To create a Firewall Manager DNS Firewall policy (console)
  1. Sign in to the Amazon Web Services Management Console using your Firewall Manager administrator account, and then open the Firewall Manager console at https://console.aws.amazon.com/wafv2/fmsv2. For information about setting up a Firewall Manager administrator account, see Amazon Firewall Manager prerequisites.

  2. In the navigation pane, choose Security policies.

  3. If you haven't met the prerequisites, the console displays instructions about how to fix any issues. Follow the instructions, and then return to this step, to create a DNS Firewall policy.

  4. Choose Create security policy.

  5. For Policy type, choose Amazon Route 53 Resolver DNS Firewall.

  6. For Region, choose an Amazon Web Services Region.

  7. Choose Next.

  8. For Policy name, enter a descriptive name.

  9. The policy configuration allows you to define the DNS Firewall rule group associations that you want to manage from Firewall Manager. You add the rule groups that you want to use in your policy. You can define an association to evaluate first for your VPCs and one to evaluate last. For this tutorial, add one or two rule group associations, depending on your needs.

  10. Choose Next.

  11. Amazon Web Services accounts affected by this policy allows you to narrow the scope of your policy by specifying accounts to include or exclude. For this tutorial, choose Include all accounts under my organization.

    The Resource type for a DNS Firewall policy is always VPC.

  12. For Resources, you can narrow the scope of the policy using tagging, by either including or excluding resources with the tags that you specify. You can use inclusion or exclusion, and not both. For more information about tags, see Working with Tag Editor.

    If you enter more than one tag, a resource must have all of the tags to be included or excluded.

    Resource tags can only have non-null values. If you omit the value for a tag, Firewall Manager saves the tag with an empty string value: "". Resource tags only match with tags that have the same key and the same value.

  13. Choose Next.

  14. For Policy tags, add any identifying tags that you want to add to the Firewall Manager policy resource. For more information about tags, see Working with Tag Editor.

  15. Choose Next.

  16. Review the new policy settings and return to any pages where you need to any adjustments.

    Check to be sure that Policy actions is set to Identify resources that don’t comply with the policy rules, but don’t auto remediate. This allows you to review the changes that your policy would make before you enable them.

  17. When you are satisfied with the policy, choose Create policy.
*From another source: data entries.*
(* Let $\mathcal{S}$ be a sound saturation system and let $\mathcal{C}$ be one of the clause sets $\mathcal{X}_m$ or $\mathcal{Y}_{m,n}$ with natural numbers $0<n<m$. Then $\mathcal{S}+\mathrm{IND}^R_{\mathrm{PF}}(\mathrm{Open}(L(\mathcal{C})))$ does not refute $\mathcal{C}$.
   Context: Language of linear arithmetic $\{0/0,s/1,p/1,+/2\}$. $\mathcal{T}$ has axioms (universally closed) $0\neq s(x)$, $p(0)=0$, $p(s(x))=x$, $x+0=x$, $x+s(y)=s(x+y)$; $\mathcal{T}'$ is $\mathcal{T}$ plus $x\neq0\to x=s(p(x))$, $x+y=y+x$, $(x+y)+z=x+(y+z)$, $x+y=x+z\to y=z$. For $m\in\mathbb{N}$ and a term $t$, $m\cdot t$ is $t+(t+\cdots+(t+t)\cdots)$ ($m$ copies) and $s^n$ is $n$-fold $s$. $C_m=\forall x,y(m\cdot x=m\cdot y\to x=y)$, $D_{m,n}=\forall x,y\,(s^n(m\cdot x)\neq m\cdot y)$. $\mathcal{X}_m=\mathit{CNF}(\mathit{sk}^\exists(\mathcal{T}'+\neg C_m))$, $\mathcal{Y}_{m,n}=\mathit{CNF}(\mathit{sk}^\exists(\mathcal{T}'+\neg D_{m,n}))$, where $\mathit{sk}^\exists$ is existential Skolemization with canonical Skolem symbols (a strong quantifier $QxA$ with free variables $\vec y$ is replaced by $\mathfrak{s}_{QxA}(\vec y)$, a new function symbol indexed by $QxA$; here only new constants arise) and $\mathit{CNF}$ gives clause sets of conjunctive normal forms. $L(\mathcal{C})$ = symbols occurring in $\mathcal{C}$; $\mathrm{Open}(L)$ = quantifier-free $L$ formulas. $I_x\varphi=\forall\vec z(\varphi(0,\vec z)\wedge\forall x(\varphi(x,\vec z)\to\varphi(s(x),\vec z))\to\forall x\varphi(x,\vec z))$. Saturation systems: sets of rules $\mathcal{C}/\mathcal{D}$ ($\mathcal{C}$ clause set, $\mathcal{D}$ finite clause set), $+$ = union; a deduction from $\mathcal{C}_0$ is $\mathcal{D}_0=\mathcal{C}_0,\dots,\mathcal{D}_k$ with $\mathcal{D}_{i+1}=\mathcal{D}_i\cup\mathcal{B}_i$ for a rule $\mathcal{D}_i/\mathcal{B}_i$; a refutation has the empty clause in $\mathcal{D}_k$. Sound: any clause $C$ derivable from $\mathcal{C}_0$ has $L(C)\subseteq L(\mathcal{C}_0)$ and $\mathcal{C}_0\models C$. $\mathrm{IND}^R_{\mathrm{PF}}(\Gamma)$ is the set of rules $\mathcal{C}'/\mathit{CNF}(\mathit{sk}^\exists(I_x\varphi(x,\vec t)))$ for every clause set $\mathcal{C}'$, every $\varphi(x,\vec z)\in\Gamma$ and every vector $\vec t$ of ground $L(\mathcal{C}')$ terms. *)

theory Defs
  imports Main "HOL-Library.FSet"
begin

datatype 'f trm = Var nat | Fn 'f "'f trm list"

datatype 'f fm =
    Bot
  | Eq "'f trm" "'f trm"
  | Rel string "'f trm list"
  | Neg "'f fm"
  | Conj "'f fm" "'f fm"
  | Disj "'f fm" "'f fm"
  | Imp "'f fm" "'f fm"
  | All nat "'f fm"
  | Ex nat "'f fm"

text \<open>Function symbols: named symbols and canonical Skolem symbols indexed by
  the quantified formula QxA they replace.\<close>
datatype sym = Named string | Sk "sym fm"

datatype 'f atom = Equ "'f trm" "'f trm" | Pred string "'f trm list"
datatype 'f lit = Pos "'f atom" | NegL "'f atom"

type_synonym clause = "sym lit fset"

text \<open>Non-logical symbols of a language (equality is logical).\<close>
datatype lsym = FS sym | PS string

primrec tvars :: "'f trm \<Rightarrow> nat set" where
  "tvars (Var x) = {x}"
| "tvars (Fn f ts) = \<Union> (set (map tvars ts))"

primrec tsyms :: "'f trm \<Rightarrow> 'f set" where
  "tsyms (Var x) = {}"
| "tsyms (Fn f ts) = insert f (\<Union> (set (map tsyms ts)))"

primrec tsubst :: "(nat \<Rightarrow> 'f trm) \<Rightarrow> 'f trm \<Rightarrow> 'f trm" where
  "tsubst \<sigma> (Var x) = \<sigma> x"
| "tsubst \<sigma> (Fn f ts) = Fn f (map (tsubst \<sigma>) ts)"

primrec fv :: "'f fm \<Rightarrow> nat set" where
  "fv Bot = {}"
| "fv (Eq s t) = tvars s \<union> tvars t"
| "fv (Rel r ts) = \<Union> (set (map tvars ts))"
| "fv (Neg A) = fv A"
| "fv (Conj A B) = fv A \<union> fv B"
| "fv (Disj A B) = fv A \<union> fv B"
| "fv (Imp A B) = fv A \<union> fv B"
| "fv (All x A) = fv A - {x}"
| "fv (Ex x A) = fv A - {x}"

primrec qfree :: "'f fm \<Rightarrow> bool" where
  "qfree Bot = True"
| "qfree (Eq s t) = True"
| "qfree (Rel r ts) = True"
| "qfree (Neg A) = qfree A"
| "qfree (Conj A B) = (qfree A \<and> qfree B)"
| "qfree (Disj A B) = (qfree A \<and> qfree B)"
| "qfree (Imp A B) = (qfree A \<and> qfree B)"
| "qfree (All x A) = False"
| "qfree (Ex x A) = False"

primrec fsyms :: "sym fm \<Rightarrow> lsym set" where
  "fsyms Bot = {}"
| "fsyms (Eq s t) = FS ` (tsyms s \<union> tsyms t)"
| "fsyms (Rel r ts) = insert (PS r) (FS ` \<Union> (set (map tsyms ts)))"
| "fsyms (Neg A) = fsyms A"
| "fsyms (Conj A B) = fsyms A \<union> fsyms B"
| "fsyms (Disj A B) = fsyms A \<union> fsyms B"
| "fsyms (Imp A B) = fsyms A \<union> fsyms B"
| "fsyms (All x A) = fsyms A"
| "fsyms (Ex x A) = fsyms A"

definition svars :: "(nat \<Rightarrow> 'f trm) \<Rightarrow> nat set \<Rightarrow> nat set" where
  "svars \<sigma> V = (\<Union>v\<in>V. tvars (\<sigma> v))"

definition bvar :: "(nat \<Rightarrow> 'f trm) \<Rightarrow> nat \<Rightarrow> 'f fm \<Rightarrow> nat" where
  "bvar \<sigma> x A = (let V = svars \<sigma> (fv A - {x}) in
      if x \<in> V then Suc (Max (insert x V)) else x)"

primrec fsubst :: "(nat \<Rightarrow> 'f trm) \<Rightarrow> 'f fm \<Rightarrow> 'f fm" where
  "fsubst \<sigma> Bot = Bot"
| "fsubst \<sigma> (Eq s t) = Eq (tsubst \<sigma> s) (tsubst \<sigma> t)"
| "fsubst \<sigma> (Rel r ts) = Rel r (map (tsubst \<sigma>) ts)"
| "fsubst \<sigma> (Neg A) = Neg (fsubst \<sigma> A)"
| "fsubst \<sigma> (Conj A B) = Conj (fsubst \<sigma> A) (fsubst \<sigma> B)"
| "fsubst \<sigma> (Disj A B) = Disj (fsubst \<sigma> A) (fsubst \<sigma> B)"
| "fsubst \<sigma> (Imp A B) = Imp (fsubst \<sigma> A) (fsubst \<sigma> B)"
| "fsubst \<sigma> (All x A) = All (bvar \<sigma> x A) (fsubst (\<sigma>(x := Var (bvar \<sigma> x A))) A)"
| "fsubst \<sigma> (Ex x A) = Ex (bvar \<sigma> x A) (fsubst (\<sigma>(x := Var (bvar \<sigma> x A))) A)"

definition skt :: "(nat \<Rightarrow> sym trm) \<Rightarrow> sym fm \<Rightarrow> sym trm" where
  "skt \<sigma> Q = Fn (Sk (fsubst \<sigma> Q)) (map Var (sorted_list_of_set (fv (fsubst \<sigma> Q))))"

text \<open>sk p sigma A: p = True means A occurs positively (as an assumption of
  the refutation); strong quantifiers are positive \<exists> and negative \<forall>.\<close>
primrec sk :: "bool \<Rightarrow> (nat \<Rightarrow> sym trm) \<Rightarrow> sym fm \<Rightarrow> sym fm" where
  "sk p \<sigma> Bot = Bot"
| "sk p \<sigma> (Eq s t) = Eq (tsubst \<sigma> s) (tsubst \<sigma> t)"
| "sk p \<sigma> (Rel r ts) = Rel r (map (tsubst \<sigma>) ts)"
| "sk p \<sigma> (Neg A) = Neg (sk (\<not> p) \<sigma> A)"
| "sk p \<sigma> (Conj A B) = Conj (sk p \<sigma> A) (sk p \<sigma> B)"
| "sk p \<sigma> (Disj A B) = Disj (sk p \<sigma> A) (sk p \<sigma> B)"
| "sk p \<sigma> (Imp A B) = Imp (sk (\<not> p) \<sigma> A) (sk p \<sigma> B)"
| "sk p \<sigma> (All x A) = (if p
      then All (bvar \<sigma> x A) (sk p (\<sigma>(x := Var (bvar \<sigma> x A))) A)
      else sk p (\<sigma>(x := skt \<sigma> (All x A))) A)"
| "sk p \<sigma> (Ex x A) = (if p
      then sk p (\<sigma>(x := skt \<sigma> (Ex x A))) A
      else Ex (bvar \<sigma> x A) (sk p (\<sigma>(x := Var (bvar \<sigma> x A))) A))"

definition skE :: "sym fm \<Rightarrow> sym fm" where
  "skE A = sk True Var A"

definition dist :: "'f lit fset set \<Rightarrow> 'f lit fset set \<Rightarrow> 'f lit fset set" where
  "dist S T = {c |\<union>| d | c d. c \<in> S \<and> d \<in> T}"

text \<open>Clause form of a formula without strong quantifiers: the (weak) quantifier at
  tree position k gets the variable k (so bound variables are renamed apart and then
  dropped), and the matrix is brought into CNF by distributivity.\<close>
primrec cls :: "bool \<Rightarrow> (nat \<Rightarrow> 'f trm) \<Rightarrow> nat \<Rightarrow> 'f fm \<Rightarrow> 'f lit fset set" where
  "cls p \<sigma> k Bot = (if p then {{||}} else {})"
| "cls p \<sigma> k (Eq s t) =
     {{|(if p then Pos else NegL) (Equ (tsubst \<sigma> s) (tsubst \<sigma> t))|}}"
| "cls p \<sigma> k (Rel r ts) =
     {{|(if p then Pos else NegL) (Pred r (map (tsubst \<sigma>) ts))|}}"
| "cls p \<sigma> k (Neg A) = cls (\<not> p) \<sigma> (2*k+1) A"
| "cls p \<sigma> k (Conj A B) = (if p then cls p \<sigma> (2*k+1) A \<union> cls p \<sigma> (2*k+2) B
      else dist (cls p \<sigma> (2*k+1) A) (cls p \<sigma> (2*k+2) B))"
| "cls p \<sigma> k (Disj A B) = (if p then dist (cls p \<sigma> (2*k+1) A) (cls p \<sigma> (2*k+2) B)
      else cls p \<sigma> (2*k+1) A \<union> cls p \<sigma> (2*k+2) B)"
| "cls p \<sigma> k (Imp A B) = (if p then dist (cls False \<sigma> (2*k+1) A) (cls True \<sigma> (2*k+2) B)
      else cls True \<sigma> (2*k+1) A \<union> cls False \<sigma> (2*k+2) B)"
| "cls p \<sigma> k (All x A) = cls p (\<sigma>(x := Var k)) (2*k+1) A"
| "cls p \<sigma> k (Ex x A) = cls p (\<sigma>(x := Var k)) (2*k+1) A"

definition CNF :: "'f fm \<Rightarrow> 'f lit fset set" where
  "CNF A = cls True Var 0 A"

definition CNFsk :: "sym fm set \<Rightarrow> clause set" where
  "CNFsk \<Phi> = (\<Union>A\<in>\<Phi>. CNF (skE A))"

primrec asyms :: "sym atom \<Rightarrow> lsym set" where
  "asyms (Equ s t) = FS ` (tsyms s \<union> tsyms t)"
| "asyms (Pred r ts) = insert (PS r) (FS ` \<Union> (set (map tsyms ts)))"

primrec lsyms :: "sym lit \<Rightarrow> lsym set" where
  "lsyms (Pos a) = asyms a"
| "lsyms (NegL a) = asyms a"

definition Lc :: "clause \<Rightarrow> lsym set" where
  "Lc C = (\<Union>l\<in>fset C. lsyms l)"

definition L :: "clause set \<Rightarrow> lsym set" where
  "L \<C> = (\<Union>C\<in>\<C>. Lc C)"

definition Open :: "lsym set \<Rightarrow> sym fm set" where
  "Open \<L> = {\<phi>. qfree \<phi> \<and> fsyms \<phi> \<subseteq> \<L>}"

definition ground_term_of :: "lsym set \<Rightarrow> sym trm \<Rightarrow> bool" where
  "ground_term_of \<L> t \<longleftrightarrow> tvars t = {} \<and> FS ` tsyms t \<subseteq> \<L>"

text \<open>Structures with domain a nonempty set of natural numbers (for the countable
  languages at hand this yields the same consequence relation, by Loewenheim-Skolem).\<close>
definition is_struct :: "nat set \<Rightarrow> (sym \<Rightarrow> nat list \<Rightarrow> nat) \<Rightarrow> bool" where
  "is_struct D F \<longleftrightarrow> D \<noteq> {} \<and> (\<forall>f xs. set xs \<subseteq> D \<longrightarrow> F f xs \<in> D)"

primrec teval :: "(sym \<Rightarrow> nat list \<Rightarrow> nat) \<Rightarrow> (nat \<Rightarrow> nat) \<Rightarrow> sym trm \<Rightarrow> nat" where
  "teval F \<beta> (Var x) = \<beta> x"
| "teval F \<beta> (Fn f ts) = F f (map (teval F \<beta>) ts)"

primrec aeval :: "(sym \<Rightarrow> nat list \<Rightarrow> nat) \<Rightarrow> (string \<Rightarrow> nat list \<Rightarrow> bool) \<Rightarrow> (nat \<Rightarrow> nat)
    \<Rightarrow> sym atom \<Rightarrow> bool" where
  "aeval F P \<beta> (Equ s t) = (teval F \<beta> s = teval F \<beta> t)"
| "aeval F P \<beta> (Pred r ts) = P r (map (teval F \<beta>) ts)"

primrec leval :: "(sym \<Rightarrow> nat list \<Rightarrow> nat) \<Rightarrow> (string \<Rightarrow> nat list \<Rightarrow> bool) \<Rightarrow> (nat \<Rightarrow> nat)
    \<Rightarrow> sym lit \<Rightarrow> bool" where
  "leval F P \<beta> (Pos a) = aeval F P \<beta> a"
| "leval F P \<beta> (NegL a) = (\<not> aeval F P \<beta> a)"

definition csat :: "nat set \<Rightarrow> (sym \<Rightarrow> nat list \<Rightarrow> nat) \<Rightarrow> (string \<Rightarrow> nat list \<Rightarrow> bool)
    \<Rightarrow> clause \<Rightarrow> bool" where
  "csat D F P C \<longleftrightarrow> (\<forall>\<beta>. range \<beta> \<subseteq> D \<longrightarrow> (\<exists>l\<in>fset C. leval F P \<beta> l))"

definition entails :: "clause set \<Rightarrow> clause \<Rightarrow> bool" where
  "entails \<C> C \<longleftrightarrow> (\<forall>D F P. is_struct D F \<longrightarrow> (\<forall>C'\<in>\<C>. csat D F P C') \<longrightarrow> csat D F P C)"

type_synonym rule = "clause set \<times> clause set"

definition saturation_system :: "rule set \<Rightarrow> bool" where
  "saturation_system \<S> \<longleftrightarrow> (\<forall>(\<C>, \<D>)\<in>\<S>. finite \<D>)"

definition deduction :: "rule set \<Rightarrow> clause set \<Rightarrow> clause set list \<Rightarrow> bool" where
  "deduction \<S> \<C>0 Ds \<longleftrightarrow> Ds \<noteq> [] \<and> hd Ds = \<C>0 \<and>
     (\<forall>i. Suc i < length Ds \<longrightarrow> (\<exists>B. (Ds ! i, B) \<in> \<S> \<and> Ds ! Suc i = Ds ! i \<union> B))"

definition derivable :: "rule set \<Rightarrow> clause set \<Rightarrow> clause \<Rightarrow> bool" where
  "derivable \<S> \<C>0 C \<longleftrightarrow> (\<exists>Ds. deduction \<S> \<C>0 Ds \<and> C \<in> last Ds)"

definition refutes :: "rule set \<Rightarrow> clause set \<Rightarrow> bool" where
  "refutes \<S> \<C>0 \<longleftrightarrow> derivable \<S> \<C>0 {||}"

definition sound :: "rule set \<Rightarrow> bool" where
  "sound \<S> \<longleftrightarrow> (\<forall>\<C>0 C. derivable \<S> \<C>0 C \<longrightarrow> Lc C \<subseteq> L \<C>0 \<and> entails \<C>0 C)"

definition zero :: "sym trm" where "zero = Fn (Named ''0'') []"
definition suc :: "sym trm \<Rightarrow> sym trm" where "suc t = Fn (Named ''s'') [t]"
definition pre :: "sym trm \<Rightarrow> sym trm" where "pre t = Fn (Named ''p'') [t]"
definition plus :: "sym trm \<Rightarrow> sym trm \<Rightarrow> sym trm" where "plus t u = Fn (Named ''+'') [t, u]"

fun mul :: "nat \<Rightarrow> sym trm \<Rightarrow> sym trm" where
  "mul 0 t = zero"
| "mul (Suc 0) t = t"
| "mul (Suc (Suc k)) t = plus t (mul (Suc k) t)"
    In the Amazon Firewall Manager policies pane, your policy should be listed. It will probably indicate Pending under the accounts headings and it will indicate the status of the Automatic remediation setting. The creation of a policy can take several minutes. After the Pending status is replaced with account counts, you can choose the policy name to explore the compliance status of the accounts and resources. For information, see Viewing compliance information for an Amazon Firewall Manager policy

  18. When you are finished exploring, if you don't want to keep the policy that you created for this tutorial, choose the policy name, choose Delete, choose Clean up resources created by this policy., and finally choose Delete.